Dataset entries:

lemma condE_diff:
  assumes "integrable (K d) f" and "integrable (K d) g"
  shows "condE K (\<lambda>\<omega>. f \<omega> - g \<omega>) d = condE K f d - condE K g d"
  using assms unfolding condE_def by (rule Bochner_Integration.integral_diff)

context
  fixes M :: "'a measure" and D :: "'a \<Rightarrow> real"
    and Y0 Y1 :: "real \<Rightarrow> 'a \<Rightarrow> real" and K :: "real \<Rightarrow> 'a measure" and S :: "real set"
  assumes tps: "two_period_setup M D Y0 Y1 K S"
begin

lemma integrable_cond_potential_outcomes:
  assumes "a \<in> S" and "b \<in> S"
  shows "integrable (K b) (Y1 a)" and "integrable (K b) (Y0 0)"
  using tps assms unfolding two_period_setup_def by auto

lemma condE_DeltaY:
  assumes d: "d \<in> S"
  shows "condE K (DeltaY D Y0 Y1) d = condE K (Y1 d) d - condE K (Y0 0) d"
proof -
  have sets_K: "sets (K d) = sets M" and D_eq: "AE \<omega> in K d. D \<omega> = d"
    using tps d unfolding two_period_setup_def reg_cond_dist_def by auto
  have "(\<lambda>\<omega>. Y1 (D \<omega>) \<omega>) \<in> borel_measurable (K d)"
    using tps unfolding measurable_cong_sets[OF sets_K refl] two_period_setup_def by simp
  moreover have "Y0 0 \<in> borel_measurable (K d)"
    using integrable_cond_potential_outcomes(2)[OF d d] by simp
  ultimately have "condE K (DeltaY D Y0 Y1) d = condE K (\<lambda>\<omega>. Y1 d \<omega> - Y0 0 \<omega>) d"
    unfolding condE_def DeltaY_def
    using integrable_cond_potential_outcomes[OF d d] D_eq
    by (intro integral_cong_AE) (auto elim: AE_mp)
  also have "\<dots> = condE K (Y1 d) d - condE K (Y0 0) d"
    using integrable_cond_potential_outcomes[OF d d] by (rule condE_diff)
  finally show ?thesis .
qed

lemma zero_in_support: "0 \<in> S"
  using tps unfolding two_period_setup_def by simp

...

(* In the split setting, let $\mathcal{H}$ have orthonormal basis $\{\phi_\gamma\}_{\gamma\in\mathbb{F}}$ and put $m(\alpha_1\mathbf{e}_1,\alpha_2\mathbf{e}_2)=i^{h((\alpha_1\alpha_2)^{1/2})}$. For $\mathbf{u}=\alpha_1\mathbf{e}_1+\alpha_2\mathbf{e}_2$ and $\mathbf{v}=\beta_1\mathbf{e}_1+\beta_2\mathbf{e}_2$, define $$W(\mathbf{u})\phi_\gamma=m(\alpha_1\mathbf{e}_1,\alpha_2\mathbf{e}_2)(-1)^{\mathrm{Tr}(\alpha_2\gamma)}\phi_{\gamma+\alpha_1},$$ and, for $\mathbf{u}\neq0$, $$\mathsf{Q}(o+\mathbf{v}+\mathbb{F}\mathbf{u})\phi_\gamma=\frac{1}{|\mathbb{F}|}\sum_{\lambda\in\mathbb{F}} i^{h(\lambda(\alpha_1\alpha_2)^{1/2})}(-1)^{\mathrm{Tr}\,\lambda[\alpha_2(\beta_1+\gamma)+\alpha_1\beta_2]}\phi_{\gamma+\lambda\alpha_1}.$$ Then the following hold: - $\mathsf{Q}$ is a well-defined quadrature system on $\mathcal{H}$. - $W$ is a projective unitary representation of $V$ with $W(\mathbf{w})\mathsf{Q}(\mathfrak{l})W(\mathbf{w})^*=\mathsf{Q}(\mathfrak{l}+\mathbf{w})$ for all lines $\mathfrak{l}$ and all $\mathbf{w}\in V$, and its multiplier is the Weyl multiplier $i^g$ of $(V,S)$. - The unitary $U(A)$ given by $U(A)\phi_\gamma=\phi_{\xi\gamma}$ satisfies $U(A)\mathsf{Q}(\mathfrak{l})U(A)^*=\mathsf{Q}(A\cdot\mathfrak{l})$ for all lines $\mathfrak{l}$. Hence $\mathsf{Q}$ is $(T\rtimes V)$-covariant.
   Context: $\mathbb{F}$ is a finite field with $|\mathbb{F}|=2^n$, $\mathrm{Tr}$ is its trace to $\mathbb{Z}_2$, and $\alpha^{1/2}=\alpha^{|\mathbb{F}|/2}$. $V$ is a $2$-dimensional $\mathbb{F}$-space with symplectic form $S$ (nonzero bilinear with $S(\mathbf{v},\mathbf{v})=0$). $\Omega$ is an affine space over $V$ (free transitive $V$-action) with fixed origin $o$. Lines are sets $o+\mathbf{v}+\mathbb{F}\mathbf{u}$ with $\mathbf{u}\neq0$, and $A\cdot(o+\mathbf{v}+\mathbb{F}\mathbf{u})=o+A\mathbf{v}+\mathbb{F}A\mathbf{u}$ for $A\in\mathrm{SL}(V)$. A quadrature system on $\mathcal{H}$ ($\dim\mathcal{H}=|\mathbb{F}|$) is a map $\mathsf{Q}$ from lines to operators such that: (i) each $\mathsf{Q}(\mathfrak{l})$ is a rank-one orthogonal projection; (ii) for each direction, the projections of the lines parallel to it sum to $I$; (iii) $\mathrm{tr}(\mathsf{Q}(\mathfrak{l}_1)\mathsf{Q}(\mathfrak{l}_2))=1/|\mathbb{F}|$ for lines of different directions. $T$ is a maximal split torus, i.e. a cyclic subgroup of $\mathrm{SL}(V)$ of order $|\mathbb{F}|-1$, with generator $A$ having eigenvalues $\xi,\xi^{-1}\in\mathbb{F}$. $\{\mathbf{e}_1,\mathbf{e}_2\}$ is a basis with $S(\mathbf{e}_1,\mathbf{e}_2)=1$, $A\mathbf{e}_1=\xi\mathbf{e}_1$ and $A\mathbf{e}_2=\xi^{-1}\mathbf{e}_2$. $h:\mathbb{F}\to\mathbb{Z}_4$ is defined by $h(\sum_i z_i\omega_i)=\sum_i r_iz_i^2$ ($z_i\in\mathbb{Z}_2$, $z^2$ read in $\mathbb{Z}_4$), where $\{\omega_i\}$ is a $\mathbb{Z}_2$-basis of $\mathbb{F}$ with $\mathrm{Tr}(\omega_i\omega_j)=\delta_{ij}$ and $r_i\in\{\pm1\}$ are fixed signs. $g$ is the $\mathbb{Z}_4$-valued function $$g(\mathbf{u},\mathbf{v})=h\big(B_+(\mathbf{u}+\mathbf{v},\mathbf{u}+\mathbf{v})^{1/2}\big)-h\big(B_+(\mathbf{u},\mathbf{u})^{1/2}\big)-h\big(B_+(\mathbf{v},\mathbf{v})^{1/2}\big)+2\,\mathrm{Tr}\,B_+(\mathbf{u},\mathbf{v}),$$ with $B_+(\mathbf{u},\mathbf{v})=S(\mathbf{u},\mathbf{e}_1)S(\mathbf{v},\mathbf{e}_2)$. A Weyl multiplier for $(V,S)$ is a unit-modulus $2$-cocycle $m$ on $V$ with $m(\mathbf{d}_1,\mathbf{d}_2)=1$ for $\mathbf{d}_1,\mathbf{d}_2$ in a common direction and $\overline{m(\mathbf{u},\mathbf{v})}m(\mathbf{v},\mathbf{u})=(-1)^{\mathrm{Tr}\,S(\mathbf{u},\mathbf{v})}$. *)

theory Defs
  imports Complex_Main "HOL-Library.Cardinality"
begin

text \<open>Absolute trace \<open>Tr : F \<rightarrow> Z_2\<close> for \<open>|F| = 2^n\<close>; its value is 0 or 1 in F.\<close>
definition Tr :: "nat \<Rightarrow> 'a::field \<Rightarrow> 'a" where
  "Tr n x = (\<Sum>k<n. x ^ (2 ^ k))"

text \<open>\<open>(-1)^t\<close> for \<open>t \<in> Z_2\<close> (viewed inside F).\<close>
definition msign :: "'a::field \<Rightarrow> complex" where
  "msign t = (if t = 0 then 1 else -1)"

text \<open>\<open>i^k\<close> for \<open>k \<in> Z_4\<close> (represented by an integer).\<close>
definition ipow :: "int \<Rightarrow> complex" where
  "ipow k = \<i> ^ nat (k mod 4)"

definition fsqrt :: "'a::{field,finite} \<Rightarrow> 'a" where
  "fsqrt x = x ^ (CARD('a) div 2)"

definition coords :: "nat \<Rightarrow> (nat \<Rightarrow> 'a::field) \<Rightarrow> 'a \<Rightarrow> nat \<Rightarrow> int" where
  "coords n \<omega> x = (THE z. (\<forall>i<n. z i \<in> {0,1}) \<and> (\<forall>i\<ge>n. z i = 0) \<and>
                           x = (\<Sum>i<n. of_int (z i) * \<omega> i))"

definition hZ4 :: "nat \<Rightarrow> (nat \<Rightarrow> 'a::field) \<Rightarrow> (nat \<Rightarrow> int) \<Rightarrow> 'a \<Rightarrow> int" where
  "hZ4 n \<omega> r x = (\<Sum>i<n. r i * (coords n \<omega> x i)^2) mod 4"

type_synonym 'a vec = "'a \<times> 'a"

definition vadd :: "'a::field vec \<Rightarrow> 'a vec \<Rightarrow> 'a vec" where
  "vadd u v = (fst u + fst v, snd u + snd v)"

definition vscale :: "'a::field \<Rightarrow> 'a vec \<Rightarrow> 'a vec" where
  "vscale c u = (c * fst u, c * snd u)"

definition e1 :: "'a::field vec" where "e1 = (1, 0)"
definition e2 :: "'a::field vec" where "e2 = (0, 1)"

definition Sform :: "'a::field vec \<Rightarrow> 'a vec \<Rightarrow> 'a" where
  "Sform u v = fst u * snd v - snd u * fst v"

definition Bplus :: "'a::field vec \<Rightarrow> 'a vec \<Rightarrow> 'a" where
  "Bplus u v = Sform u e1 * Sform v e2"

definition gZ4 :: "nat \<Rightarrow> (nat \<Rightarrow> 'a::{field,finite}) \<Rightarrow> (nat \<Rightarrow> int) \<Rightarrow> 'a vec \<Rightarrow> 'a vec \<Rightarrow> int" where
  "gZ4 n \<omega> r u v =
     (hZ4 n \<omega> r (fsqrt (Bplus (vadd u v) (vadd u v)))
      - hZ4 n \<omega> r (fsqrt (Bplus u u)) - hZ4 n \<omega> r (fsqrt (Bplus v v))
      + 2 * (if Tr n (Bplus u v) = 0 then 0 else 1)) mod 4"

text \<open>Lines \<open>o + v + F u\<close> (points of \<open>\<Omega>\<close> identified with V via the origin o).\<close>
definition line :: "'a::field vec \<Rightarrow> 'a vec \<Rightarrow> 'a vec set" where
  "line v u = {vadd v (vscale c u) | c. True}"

=== What you need to do ===
Give only the lines from the one holding "using integrable_cond_potential_outcomes[OF d d] by" through the one holding "using tps unfolding two_period_setup_def", each restated exactly as it appears above.

=== Answer ===
    using integrable_cond_potential_outcomes[OF d d] by (rule condE_diff)
  finally show ?thesis .
qed

lemma zero_in_support: "0 \<in> S"
  using tps unfolding two_period_setup_def by simp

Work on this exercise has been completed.